Semantic search combines vector similarity with the hierarchical structure:
curl -sk -X POST "${OV_URL}/api/v1/search/find" \
-H "Content-Type: application/json" \
-H "X-API-Key: ${ROOT_KEY}" \
-d '{"query": "how does authentication work"}'Sessions let agents accumulate long-term memories from conversations. You create a session, add messages, and when you commit, OpenViking extracts durable memories that persist across future interactions. Over time, agents can actually get better as they build up context.
Client access: REST API, Python SDK, and CLI
Beyond the REST API, OpenViking provides a Python SDK and CLI for connecting to your OpenShift-hosted instance. Using Python SDK, install openviking and use the SyncHTTPClient (or AsyncHTTPClient) to connect programmatically:
import openviking as ov
client = ov.SyncHTTPClient(url="https://YOUR-ROUTE", api_key="YOUR-ROOT-KEY")
client.initialize()
results = client.find("how does authentication work")
client.close()The ov command-line tool reads connection settings from ~/.openviking/ovcli.conf (or the path set via OPENVIKING_CLI_CONFIG_FILE):
{"url": "${OV_URL}", "api_key": "${ROOT_KEY}"}ov status
ov add-resource https://github.com/your-org/your-repo
ov find "how does config work"This allows you to use your OpenShift cluster as a shared context backend for your team's AI workflows. Agents that connect get access to the same structured knowledge base, accumulated memories, and retrieval pipeline, with visibility into how context is selected and served.
The bigger picture
OpenViking hit over 13K GitHub stars shortly after its public release (as of early 2026), and it's easy to see why. The flat vector storage model that most RAG systems depend on was designed for search, not for structured, evolving context management that agentic workflows need. OpenViking's filesystem paradigm is a different way to think about the problem. With OpenShift AI providing enterprise model serving, including autoscaling, health checks, and GPU scheduling, the entire stack is now fully self-hosted with no external API dependencies. Embedding generation, L0/L1 summarization, and VLM inference all stay inside the cluster.

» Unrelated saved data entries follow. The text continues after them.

lemma pushforward_one:
  fixes f :: "'a::monoid_add \<Rightarrow> 'b::monoid_add"
  shows "f 0 = 0 \<Longrightarrow> pushforward f 1 = 1"
  using pushforward_frag_of[of f 0] by (simp add: one_poly_mapping_def)

lemma pushforward_prod:
  fixes f :: "'a::comm_monoid_add \<Rightarrow> 'b::comm_monoid_add"
  assumes "\<And>m n. f (m + n) = f m + f n" "f 0 = 0"
  shows "finite I \<Longrightarrow> pushforward f (\<Prod>i\<in>I. \<chi> i) = (\<Prod>i\<in>I. pushforward f (\<chi> i))"
  by (induction I rule: finite_induct) (simp_all add: pushforward_one pushforward_mult assms)

lemma dual_eq_pushforward: "dual \<chi> = pushforward uminus \<chi>"
proof -
  have "frag_cmul c (frag_of m) = Poly_Mapping.single m c" for c and m :: mon
    by (rule poly_mapping_eqI) (simp add: lookup_single when_def)
  then show ?thesis
    unfolding dual_def pushforward_def frag_extend_def by simp
qed

lemma lookup_dual: "Poly_Mapping.lookup (dual \<chi>) m = Poly_Mapping.lookup \<chi> (- m)"
proof -
  have "{k \<in> Poly_Mapping.keys \<chi>. - k = m} = (if - m \<in> Poly_Mapping.keys \<chi> then {- m} else {})"
    by auto
  then show ?thesis
    by (simp add: dual_eq_pushforward lookup_pushforward in_keys_iff)
qed

lemma dual_dual [simp]: "dual (dual \<chi>) = \<chi>"
  by (rule poly_mapping_eqI) (simp add: lookup_dual)

lemma dual_mono [simp]: "dual (mono m) = mono (- m)"
  by (simp add: dual_eq_pushforward pushforward_mono)

lemma dual_one [simp]: "dual 1 = 1"
  by (simp add: dual_eq_pushforward pushforward_one)

lemma dual_diff [simp]: "dual (\<chi> - \<psi>) = dual \<chi> - dual \<psi>"
  by (simp add: dual_eq_pushforward pushforward_diff)

lemma dual_mult [simp]: "dual (\<chi> * \<psi>) = dual \<chi> * dual \<psi>"
  by (simp add: dual_eq_pushforward pushforward_mult)

lemma mono_mult: "mono m * mono n = mono (m + n)"
  by (simp add: mono_def mult_single)

lemma mono_zero: "mono 0 = 1"
  by (simp add: mono_def one_poly_mapping_def)

lemma lookup_mono: "Poly_Mapping.lookup (mono m) n = (if m = n then 1 else 0)"
  by (simp add: mono_def lookup_single when_def)


section \<open>Multiplicative evaluation of characters\<close>

definition char_prod :: "('a \<Rightarrow> 'f::field) \<Rightarrow> ('a \<Rightarrow>\<^sub>0 int) \<Rightarrow> 'f" where
  "char_prod \<phi> \<chi> = (\<Prod>m\<in>Poly_Mapping.keys \<chi>. \<phi> m powi Poly_Mapping.lookup \<chi> m)"

lemma index_at_eq_char_prod: "index_at w \<chi> = char_prod (\<lambda>m. 1 - inverse (evm w m)) \<chi>"
  unfolding index_at_def char_prod_def ..

lemma char_prod_superset:
  assumes "finite S" "Poly_Mapping.keys \<chi> \<subseteq> S"
  shows "char_prod \<phi> \<chi> = (\<Prod>m\<in>S. \<phi> m powi Poly_Mapping.lookup \<chi> m)"
  unfolding char_prod_def
  by (rule prod.mono_neutral_left) (use assms in \<open>auto simp: in_keys_iff\<close>)

lemma char_prod_add:
  assumes "\<forall>m \<in> Poly_Mapping.keys \<chi> \<union> Poly_Mapping.keys \<psi>. \<phi> m \<noteq> 0"
  shows "char_prod \<phi> (\<chi> + \<psi>) = char_prod \<phi> \<chi> * char_prod \<phi> \<psi>"
proof -
  let ?S = "Poly_Mapping.keys \<chi> \<union> Poly_Mapping.keys \<psi>"
  have "char_prod \<phi> (\<chi> + \<psi>) = (\<Prod>m\<in>?S. \<phi> m powi Poly_Mapping.lookup (\<chi> + \<psi>) m)"
    by (rule char_prod_superset) (auto simp: keys_add)
  also have "\<dots> = (\<Prod>m\<in>?S. \<phi> m powi Poly_Mapping.lookup \<chi> m * \<phi> m powi Poly_Mapping.lookup \<psi> m)"
    by (rule prod.cong) (use assms in \<open>auto simp: lookup_add power_int_add\<close>)
  also have "\<dots> = char_prod \<phi> \<chi> * char_prod \<phi> \<psi>"
    by (simp add: prod.distrib char_prod_superset[of ?S])
  finally show ?thesis .
qed

lemma char_prod_uminus: "char_prod \<phi> (- \<chi>) = inverse (char_prod \<phi> \<chi>)"
  unfolding char_prod_def by (simp add: power_int_minus prod_inversef[symmetric] o_def)

lemma char_prod_diff:
  assumes "\<forall>m \<in> Poly_Mapping.keys \<chi> \<union> Poly_Mapping.keys \<psi>. \<phi> m \<noteq> 0"
  shows "char_prod \<phi> (\<chi> - \<psi>) = char_prod \<phi> \<chi> / char_prod \<phi> \<psi>"
  using char_prod_add[of "\<chi>" "- \<psi>" \<phi>] assms by (simp add: char_prod_uminus divide_inverse)

lemma char_prod_zero [simp]: "char_prod \<phi> 0 = 1"
  by (simp add: char_prod_def)

lemma char_prod_mono [simp]: "char_prod \<phi> (mono m) = \<phi> m"
  unfolding char_prod_def mono_def by simp

lemma char_prod_sum:
  assumes "\<And>m. \<phi> m \<noteq> 0"
  shows "finite I \<Longrightarrow> char_prod \<phi> (\<Sum>i\<in>I. \<chi> i) = (\<Prod>i\<in>I. char_prod \<phi> (\<chi> i))"
  by (induction I rule: finite_induct) (simp_all add: char_prod_add assms)

lemma power_int_sum:
  fixes z :: "'f::field"
  assumes "z \<noteq> 0"
  shows "finite I \<Longrightarrow> z powi (\<Sum>i\<in>I. e i) = (\<Prod>i\<in>I. z powi e i)"
  by (induction I rule: finite_induct) (simp_all add: power_int_add assms)

lemma char_prod_pushforward:
  assumes "\<forall>m \<in> Poly_Mapping.keys \<chi>. \<psi> (f m) = \<phi> m \<and> \<phi> m \<noteq> 0"
  shows "char_prod \<psi> (pushforward f \<chi>) = char_prod \<phi> \<chi>"
proof -
  let ?fibre = "\<lambda>n. {m \<in> Poly_Mapping.keys \<chi>. f m = n}"
  have "char_prod \<psi> (pushforward f \<chi>) =
      (\<Prod>n \<in> f ` Poly_Mapping.keys \<chi>. \<psi> n powi Poly_Mapping.lookup (pushforward f \<chi>) n)"
    by (rule char_prod_superset[OF _ keys_pushforward]) simp
  also have "\<dots> = (\<Prod>n \<in> f ` Poly_Mapping.keys \<chi>. \<Prod>m \<in> ?fibre n. \<phi> m powi Poly_Mapping.lookup \<chi> m)"
  proof (rule prod.cong[OF refl])
    fix n assume "n \<in> f ` Poly_Mapping.keys \<chi>"
    then have "\<psi> n \<noteq> 0" using assms by auto
    then have "\<psi> n powi Poly_Mapping.lookup (pushforward f \<chi>) n =
        (\<Prod>m \<in> ?fibre n. \<psi> n powi Poly_Mapping.lookup \<chi> m)"
      by (simp add: lookup_pushforward power_int_sum)
    also have "\<dots> = (\<Prod>m \<in> ?fibre n. \<phi> m powi Poly_Mapping.lookup \<chi> m)"
      by (rule prod.cong) (use assms in auto)
    finally show "\<psi> n powi Poly_Mapping.lookup (pushforward f \<chi>) n = \<dots>" .
  qed
  also have "\<dots> = char_prod \<phi> \<chi>"
    unfolding char_prod_def by (rule prod.group) auto
  finally show ?thesis .
qed


section \<open>The specialisation \<open>K = q\<^sub>a\<close>\<close>

lemma evm_add:
  fixes q1 q2 q3 x K :: "'f::field"
  assumes "q1 \<noteq> 0" "q2 \<noteq> 0" "q3 \<noteq> 0" "x \<noteq> 0" "K \<noteq> 0"
  shows "evm (q1, q2, q3, x, K) (m + n) = evm (q1, q2, q3, x, K) m * evm (q1, q2, q3, x, K) n"
  using assms by (cases m; cases n) (simp add: power_int_add mult_ac)

lemma evm_nonzero:
  fixes q1 q2 q3 x K :: "'f::field"
  assumes "q1 \<noteq> 0" "q2 \<noteq> 0" "q3 \<noteq> 0" "x \<noteq> 0" "K \<noteq> 0"
  shows "evm (q1, q2, q3, x, K) m \<noteq> 0"
  using assms by (cases m) simp

lemma evm_mscale: "evm (q1, q2, q3, x, K) (mscale k m) = evm (q1, q2, q3, x, K) m powi k"
  by (cases m) (simp add: power_int_mult mult.commute[of k] power_int_mult_distrib)

definition specialize_K :: "nat \<Rightarrow> mon \<Rightarrow> mon" where
  "specialize_K a m = (case m of (e1, e2, e3, e4, e5) \<Rightarrow> (e1, e2, e3, e4, 0) + mscale e5 (qv a))"

lemma mscale_add: "mscale (k + l) m = mscale k m + mscale l m"
  by (cases m) (simp add: algebra_simps)

lemma mscale_zero [simp]: "mscale 0 m = 0"
  by (cases m) (simp add: zero_prod_def)

lemma specialize_K_add: "specialize_K a (m + n) = specialize_K a m + specialize_K a n"
  by (cases m; cases n) (simp add: specialize_K_def mscale_add algebra_simps)

lemma specialize_K_zero: "specialize_K a 0 = 0"
  by (simp add: specialize_K_def zero_prod_def)

lemma specialize_K_K_free [simp]: "specialize_K a (e1, e2, e3, e4, 0) = (e1, e2, e3, e4, 0)"
  by (simp add: specialize_K_def zero_prod_def)

lemma specialize_K_qv: "specialize_K a (- qv b) = - qv b"
  by (simp add: specialize_K_def qv_def)

lemma specialize_K_Kv: "specialize_K a (- Kv) = - qv a"
  by (simp add: specialize_K_def Kv_def qv_def)

lemma evm_specialize_K:
  fixes q1 q2 q3 x :: "'f::field"
  assumes "q1 \<noteq> 0" "q2 \<noteq> 0" "q3 \<noteq> 0" "x \<noteq> 0"
  shows "evm (q1, q2, q3, x, evm (q1, q2, q3, x, 1) (qv a)) m = evm (q1, q2, q3, x, 1) (specialize_K a m)"
  using assms by (cases m) (simp add: specialize_K_def evm_add evm_mscale)

lemma index_at_specialize_K:
  fixes q1 q2 q3 x :: "'f::field"
  assumes "q1 \<noteq> 0" "q2 \<noteq> 0" "q3 \<noteq> 0" "x \<noteq> 0"
    and "\<forall>m\<in>Poly_Mapping.keys \<chi>. evm (q1, q2, q3, x, evm (q1, q2, q3, x, 1) (qv a)) m \<noteq> 1"
  shows "index_at (q1, q2, q3, x, evm (q1, q2, q3, x, 1) (qv a)) \<chi> =
    index_at (q1, q2, q3, x, 1) (pushforward (specialize_K a) \<chi>)"
  unfolding index_at_eq_char_prod
  by (rule char_prod_pushforward[symmetric])
    (use assms in \<open>simp add: evm_specialize_K\<close>)


lemma atLeastAtMost_1_4: "{1..4::nat} = {1, 2, 3, 4}"
  by auto

lemma box_mon_eq:
  "box_mon (i1, i2, i3, i4) = (int i1 - int i4, int i2 - int i4, int i3 - int i4, 1, 0)"
  unfolding box_mon_def atLeastAtMost_1_4 by (simp add: qv_def xv_def algebra_simps)

lemma specialize_K_box_mon: "specialize_K a (box_mon p) = box_mon p"
  by (cases p) (simp add: box_mon_eq)

lemma specialize_K_uminus_box_mon: "specialize_K a (- box_mon p) = - box_mon p"
  by (cases p) (simp add: box_mon_eq)

lemma dual_Rchar: "finite \<pi> \<Longrightarrow> dual (Rchar \<pi>) = (\<Sum>p\<in>\<pi>. mono (- box_mon p))"
  unfolding Rchar_def dual_eq_pushforward by (simp add: pushforward_sum pushforward_mono)

lemma pushforward_specialize_K_Rchar:
  "finite \<pi> \<Longrightarrow> pushforward (specialize_K a) (Rchar \<pi>) = Rchar \<pi>"
  unfolding Rchar_def
  by (simp add: pushforward_sum pushforward_mono specialize_K_box_mon)

lemma pushforward_specialize_K_dual_Rchar:
  "finite \<pi> \<Longrightarrow> pushforward (specialize_K a) (dual (Rchar \<pi>)) = dual (Rchar \<pi>)"
  by (simp add: dual_Rchar pushforward_sum pushforward_mono specialize_K_uminus_box_mon)

lemma pushforward_specialize_K_Pv:
  "finite S \<Longrightarrow> pushforward (specialize_K a) (Pv S) = Pv S"
  unfolding Pv_def
  by (simp add: pushforward_prod specialize_K_add specialize_K_zero pushforward_diff
      pushforward_one pushforward_mono specialize_K_qv)

lemma pushforward_specialize_K_D8char:
  assumes "finite \<pi>"
  shows "pushforward (specialize_K a) (D8char \<pi>) =
    - (Pv {a} * mono (- xv) * Rchar \<pi>) + Pv {1, 2, 3} * dual (Rchar \<pi>) * Rchar \<pi>"
proof -
  have "Pv {a} = 1 - mono (- qv a)"
    unfolding Pv_def by simp
  then show ?thesis
    unfolding D8char_def
    by (simp add: pushforward_mult specialize_K_add
        pushforward_diff pushforward_one specialize_K_zero pushforward_mono specialize_K_Kv
        xv_def pushforward_specialize_K_Rchar pushforward_specialize_K_dual_Rchar
        pushforward_specialize_K_Pv assms)
qed


section \<open>Comparing the two characters\<close>

definition Ychar :: "nat \<Rightarrow> point4 set \<Rightarrow> character" where
  "Ychar a \<pi> = Pv ({1, 2, 3} - {a}) * mono (- qv a) * dual (Rchar \<pi>) * Rchar \<pi>"

lemma other_two_coords:
  assumes "a \<in> {1, 2, 3::nat}"
  obtains b c where "{1, 2, 3} = {a, b, c}" "distinct [a, b, c, 4]" "qv a + qv b + qv c = - qv 4"
proof -
  from assms consider "a = 1" | "a = 2" | "a = 3" by auto
  then show ?thesis
  proof cases
    case 1 then show ?thesis by (intro that[of 2 3]) (auto simp: qv_def)
  next
    case 2 then show ?thesis by (intro that[of 1 3]) (auto simp: qv_def)
  next
    case 3 then show ?thesis by (intro that[of 1 2]) (auto simp: qv_def)
  qed
qed

(* With X = Y^-1 and q_4^-1 = q_a q_b q_c this says
   dual(P_abc) - dual(P_bc4) = dual(Q) - Q  for  Q = dual(P_bc) q_a^-1. *)
lemma duality_antisymmetric_identity:
  fixes Xa Xb Xc Ya Yb Yc :: "'r::comm_ring_1"
  assumes "Xa * Ya = 1" "Xb * Yb = 1" "Xc * Yc = 1"
  shows "(1 - Ya) * (1 - Yb) * (1 - Yc) - (1 - Yb) * (1 - Yc) * (1 - Xa * Xb * Xc)
       = (1 - Xb) * (1 - Xc) * Xa - (1 - Yb) * (1 - Yc) * Ya"
proof -
  have b: "1 - Xb = - (Xb * (1 - Yb))" and c: "1 - Xc = - (Xc * (1 - Yc))"
    using assms(2,3) by (simp_all add: algebra_simps)
  have "(1 - Xb) * (1 - Xc) * Xa = (1 - Yb) * (1 - Yc) * (Xa * Xb * Xc)"
    unfolding b c by (simp add: algebra_simps)
  then show ?thesis by (simp add: algebra_simps)
qed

It's also worth noting that OpenViking's REST API is compatible with the OpenAI-style file_search and vectorstore APIs, so teams already using OpenShift AI's RAG capabilities could integrate OpenViking as a drop-in backend for those workflows, layering its hierarchical context management on top of the existing stack.
It's still early-stage and moving fast. Treat it as an experiment worth running, not a production dependency. The openviking-openshift repo makes it easy to try. It now includes OpenShift AI manifests for vLLM model serving alongside the OpenViking deployment manifests. If you're running OpenShift 4.x with an available GPU node and can run oc apply -k, you can have a running instance once the models are downloaded.
If your team is thinking about how AI agents should manage persistent context and you want something beyond flat vector search, it's worth checking out.
OpenViking is licensed under Apache 2.0. The openviking-openshift deployment manifests are also Apache 2.0 licensed.